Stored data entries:
(* Assume the random gather-step setting below. Then for every coordinate $i\in\{1,\dots,d\}$ and every choice of the Byzantine vectors $z^{(j)}=z^{(j)}(X)$ as (arbitrary) functions of the delivering configuration $X$, $$\mathbb{E}\big[\Delta_i(\theta_1,\dots,\theta_h)\big]\le\Big(1-\frac{\rho}{4}\Big)\Delta_i(\lambda_1,\dots,\lambda_h),$$ where the expectation is over $X$.
   Context: Median of reals: for $y_1,\dots,y_q\in\mathbb{R}$ with order statistics $y_{(1)}\le\dots\le y_{(q)}$, $\mathrm{median}=y_{((q+1)/2)}$ if $q$ is odd and $\frac12(y_{(q/2)}+y_{(q/2+1)})$ if $q$ is even; $\mathrm{Median}$ of vectors is applied coordinate-wise. Coordinate-wise diameters: $\Delta_i(v_1,\dots,v_h)=\max_{j,k}|v_j[i]-v_k[i]|$, $\Delta=\sum_i\Delta_i$. Random gather-step setting: integers $f\ge1$, $n$, $h=n-f$, and $q$ with $2f+2\le q\le\lfloor h/2\rfloor$; fixed vectors $\lambda_1,\dots,\lambda_h\in\mathbb{R}^d$ held by the correct servers $1,\dots,h$. Let $S_j=\{s\subset\{1,\dots,h\}\setminus\{j\}:|s|\in\{q-f-1,\dots,q-1\}\}$ and $S=\prod_{j=1}^hS_j$. A delivering configuration $X=(X_1,\dots,X_h)$ is a random element of $S$ with $P(X=s)\ge\rho$ for all $s\in S$, for some $\rho>0$. Given $X$, each correct server $j$ receives arbitrary vectors $z^{(j)}_1,\dots,z^{(j)}_{q-1-|X_j|}\in\mathbb{R}^d$ (possibly depending on $X$) and computes $\theta_j=\mathrm{Median}\big(\lambda_j,(\lambda_k)_{k\in X_j},z^{(j)}_1,\dots,z^{(j)}_{q-1-|X_j|}\big)$. *)

theory Defs
  imports "HOL-Probability.Probability"
begin

text \<open>Median of a list of reals (order statistics, 1-indexed in the paper):
  odd length q: y_((q+1)/2); even length q: (y_(q/2) + y_(q/2+1)) / 2.\<close>
definition median :: "real list \<Rightarrow> real" where
  "median ys = (let zs = sort ys; q = length ys in
     if odd q then zs ! (q div 2)
     else (zs ! (q div 2 - 1) + zs ! (q div 2)) / 2)"

definition Median :: "(real ^ 'd) list \<Rightarrow> real ^ 'd" where
  "Median vs = (\<chi> i. median (map (\<lambda>v. v $ i) vs))"

definition coord_diam :: "nat \<Rightarrow> (nat \<Rightarrow> real ^ 'd) \<Rightarrow> 'd \<Rightarrow> real" where
  "coord_diam h v i = Max {\<bar>v j $ i - v k $ i\<bar> | j k. j \<in> {1..h} \<and> k \<in> {1..h}}"

definition diam :: "nat \<Rightarrow> (nat \<Rightarrow> real ^ 'd) \<Rightarrow> real" where
  "diam h v = (\<Sum>i\<in>UNIV. coord_diam h v i)"

definition Sj :: "nat \<Rightarrow> nat \<Rightarrow> nat \<Rightarrow> nat \<Rightarrow> nat set set" where
  "Sj h q f j = {s. s \<subseteq> {1..h} - {j} \<and> q - f - 1 \<le> card s \<and> card s \<le> q - 1}"

definition Sconf :: "nat \<Rightarrow> nat \<Rightarrow> nat \<Rightarrow> (nat \<Rightarrow> nat set) set" where
  "Sconf h q f = (\<Pi>\<^sub>E j\<in>{1..h}. Sj h q f j)"

text \<open>theta_j given configuration X, correct vectors lam, and Byzantine vectors
  z X j m (m < q - 1 - |X_j|).\<close>
definition theta :: "nat \<Rightarrow> (nat \<Rightarrow> real ^ 'd) \<Rightarrow>
    ((nat \<Rightarrow> nat set) \<Rightarrow> nat \<Rightarrow> nat \<Rightarrow> real ^ 'd) \<Rightarrow> (nat \<Rightarrow> nat set) \<Rightarrow> nat \<Rightarrow> real ^ 'd" where
  "theta q lam z X j = Median ([lam j] @ map lam (sorted_list_of_set (X j))
       @ map (z X j) [0..<q - 1 - card (X j)])"

end

theory Submission
  imports Defs
begin

text \<open>A median of q values stays inside any interval [a, b] that misses at most
  (q - 1) div 2 of them on either side. The Byzantine inputs of server j number
  q - 1 - |X_j| \<le> f \<le> (q - 1) div 2, so every \<theta>_j lies in the range of the correct
  vectors, and the coordinate diameter never grows. Split that range at its midpoint:
  one half contains at least h/2 \<ge> q correct values, so there is a configuration
  in which every server hears only from q - 1 servers in that half. Then at most one
  of its q inputs (its own) lies outside the half, all \<theta>_j fall into it, and the
  diameter is halved. This configuration has probability at least \<rho>, which gives
  E[\<Delta>_i(\<theta>)] \<le> (1 - \<rho>/2) \<Delta>_i(\<lambda>).\<close>

lemma sorted_nth_ge_if_few_less:
  fixes xs :: "'a::linorder list"
  assumes "sorted xs" "k < length xs" "length (filter (\<lambda>y. y < a) xs) \<le> k"
  shows "a \<le> xs ! k"
proof (rule ccontr)
  assume "\<not> a \<le> xs ! k"
  then have "\<forall>m\<le>k. xs ! m < a" using assms(1,2)
    by (meson le_less_trans not_le_imp_less order_less_le_trans sorted_nth_mono)
  then have "{0..k} \<subseteq> {m. m < length xs \<and> xs ! m < a}" using assms(2) by auto
  then have "card {0..k} \<le> card {m. m < length xs \<and> xs ! m < a}"
    by (intro card_mono) auto
  then show False using assms(3) by (simp add: length_filter_conv_card)
qed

REQUIRED ACTION — Each line of the data must be retyped exactly.

EXPECTED ANSWER —
(* Assume the random gather-step setting below. Then for every coordinate $i\in\{1,\dots,d\}$ and every choice of the Byzantine vectors $z^{(j)}=z^{(j)}(X)$ as (arbitrary) functions of the delivering configuration $X$, $$\mathbb{E}\big[\Delta_i(\theta_1,\dots,\theta_h)\big]\le\Big(1-\frac{\rho}{4}\Big)\Delta_i(\lambda_1,\dots,\lambda_h),$$ where the expectation is over $X$.
   Context: Median of reals: for $y_1,\dots,y_q\in\mathbb{R}$ with order statistics $y_{(1)}\le\dots\le y_{(q)}$, $\mathrm{median}=y_{((q+1)/2)}$ if $q$ is odd and $\frac12(y_{(q/2)}+y_{(q/2+1)})$ if $q$ is even; $\mathrm{Median}$ of vectors is applied coordinate-wise. Coordinate-wise diameters: $\Delta_i(v_1,\dots,v_h)=\max_{j,k}|v_j[i]-v_k[i]|$, $\Delta=\sum_i\Delta_i$. Random gather-step setting: integers $f\ge1$, $n$, $h=n-f$, and $q$ with $2f+2\le q\le\lfloor h/2\rfloor$; fixed vectors $\lambda_1,\dots,\lambda_h\in\mathbb{R}^d$ held by the correct servers $1,\dots,h$. Let $S_j=\{s\subset\{1,\dots,h\}\setminus\{j\}:|s|\in\{q-f-1,\dots,q-1\}\}$ and $S=\prod_{j=1}^hS_j$. A delivering configuration $X=(X_1,\dots,X_h)$ is a random element of $S$ with $P(X=s)\ge\rho$ for all $s\in S$, for some $\rho>0$. Given $X$, each correct server $j$ receives arbitrary vectors $z^{(j)}_1,\dots,z^{(j)}_{q-1-|X_j|}\in\mathbb{R}^d$ (possibly depending on $X$) and computes $\theta_j=\mathrm{Median}\big(\lambda_j,(\lambda_k)_{k\in X_j},z^{(j)}_1,\dots,z^{(j)}_{q-1-|X_j|}\big)$. *)

theory Defs
  imports "HOL-Probability.Probability"
begin

text \<open>Median of a list of reals (order statistics, 1-indexed in the paper):
  odd length q: y_((q+1)/2); even length q: (y_(q/2) + y_(q/2+1)) / 2.\<close>
definition median :: "real list \<Rightarrow> real" where
  "median ys = (let zs = sort ys; q = length ys in
     if odd q then zs ! (q div 2)
     else (zs ! (q div 2 - 1) + zs ! (q div 2)) / 2)"

definition Median :: "(real ^ 'd) list \<Rightarrow> real ^ 'd" where
  "Median vs = (\<chi> i. median (map (\<lambda>v. v $ i) vs))"

definition coord_diam :: "nat \<Rightarrow> (nat \<Rightarrow> real ^ 'd) \<Rightarrow> 'd \<Rightarrow> real" where
  "coord_diam h v i = Max {\<bar>v j $ i - v k $ i\<bar> | j k. j \<in> {1..h} \<and> k \<in> {1..h}}"

definition diam :: "nat \<Rightarrow> (nat \<Rightarrow> real ^ 'd) \<Rightarrow> real" where
  "diam h v = (\<Sum>i\<in>UNIV. coord_diam h v i)"

definition Sj :: "nat \<Rightarrow> nat \<Rightarrow> nat \<Rightarrow> nat \<Rightarrow> nat set set" where
  "Sj h q f j = {s. s \<subseteq> {1..h} - {j} \<and> q - f - 1 \<le> card s \<and> card s \<le> q - 1}"

definition Sconf :: "nat \<Rightarrow> nat \<Rightarrow> nat \<Rightarrow> (nat \<Rightarrow> nat set) set" where
  "Sconf h q f = (\<Pi>\<^sub>E j\<in>{1..h}. Sj h q f j)"

text \<open>theta_j given configuration X, correct vectors lam, and Byzantine vectors
  z X j m (m < q - 1 - |X_j|).\<close>
definition theta :: "nat \<Rightarrow> (nat \<Rightarrow> real ^ 'd) \<Rightarrow>
    ((nat \<Rightarrow> nat set) \<Rightarrow> nat \<Rightarrow> nat \<Rightarrow> real ^ 'd) \<Rightarrow> (nat \<Rightarrow> nat set) \<Rightarrow> nat \<Rightarrow> real ^ 'd" where
  "theta q lam z X j = Median ([lam j] @ map lam (sorted_list_of_set (X j))
       @ map (z X j) [0..<q - 1 - card (X j)])"

end

theory Submission
  imports Defs
begin

text \<open>A median of q values stays inside any interval [a, b] that misses at most
  (q - 1) div 2 of them on either side. The Byzantine inputs of server j number
  q - 1 - |X_j| \<le> f \<le> (q - 1) div 2, so every \<theta>_j lies in the range of the correct
  vectors, and the coordinate diameter never grows. Split that range at its midpoint:
  one half contains at least h/2 \<ge> q correct values, so there is a configuration
  in which every server hears only from q - 1 servers in that half. Then at most one
  of its q inputs (its own) lies outside the half, all \<theta>_j fall into it, and the
  diameter is halved. This configuration has probability at least \<rho>, which gives
  E[\<Delta>_i(\<theta>)] \<le> (1 - \<rho>/2) \<Delta>_i(\<lambda>).\<close>

lemma sorted_nth_ge_if_few_less:
  fixes xs :: "'a::linorder list"
  assumes "sorted xs" "k < length xs" "length (filter (\<lambda>y. y < a) xs) \<le> k"
  shows "a \<le> xs ! k"
proof (rule ccontr)
  assume "\<not> a \<le> xs ! k"
  then have "\<forall>m\<le>k. xs ! m < a" using assms(1,2)
    by (meson le_less_trans not_le_imp_less order_less_le_trans sorted_nth_mono)
  then have "{0..k} \<subseteq> {m. m < length xs \<and> xs ! m < a}" using assms(2) by auto
  then have "card {0..k} \<le> card {m. m < length xs \<and> xs ! m < a}"
    by (intro card_mono) auto
  then show False using assms(3) by (simp add: length_filter_conv_card)
qed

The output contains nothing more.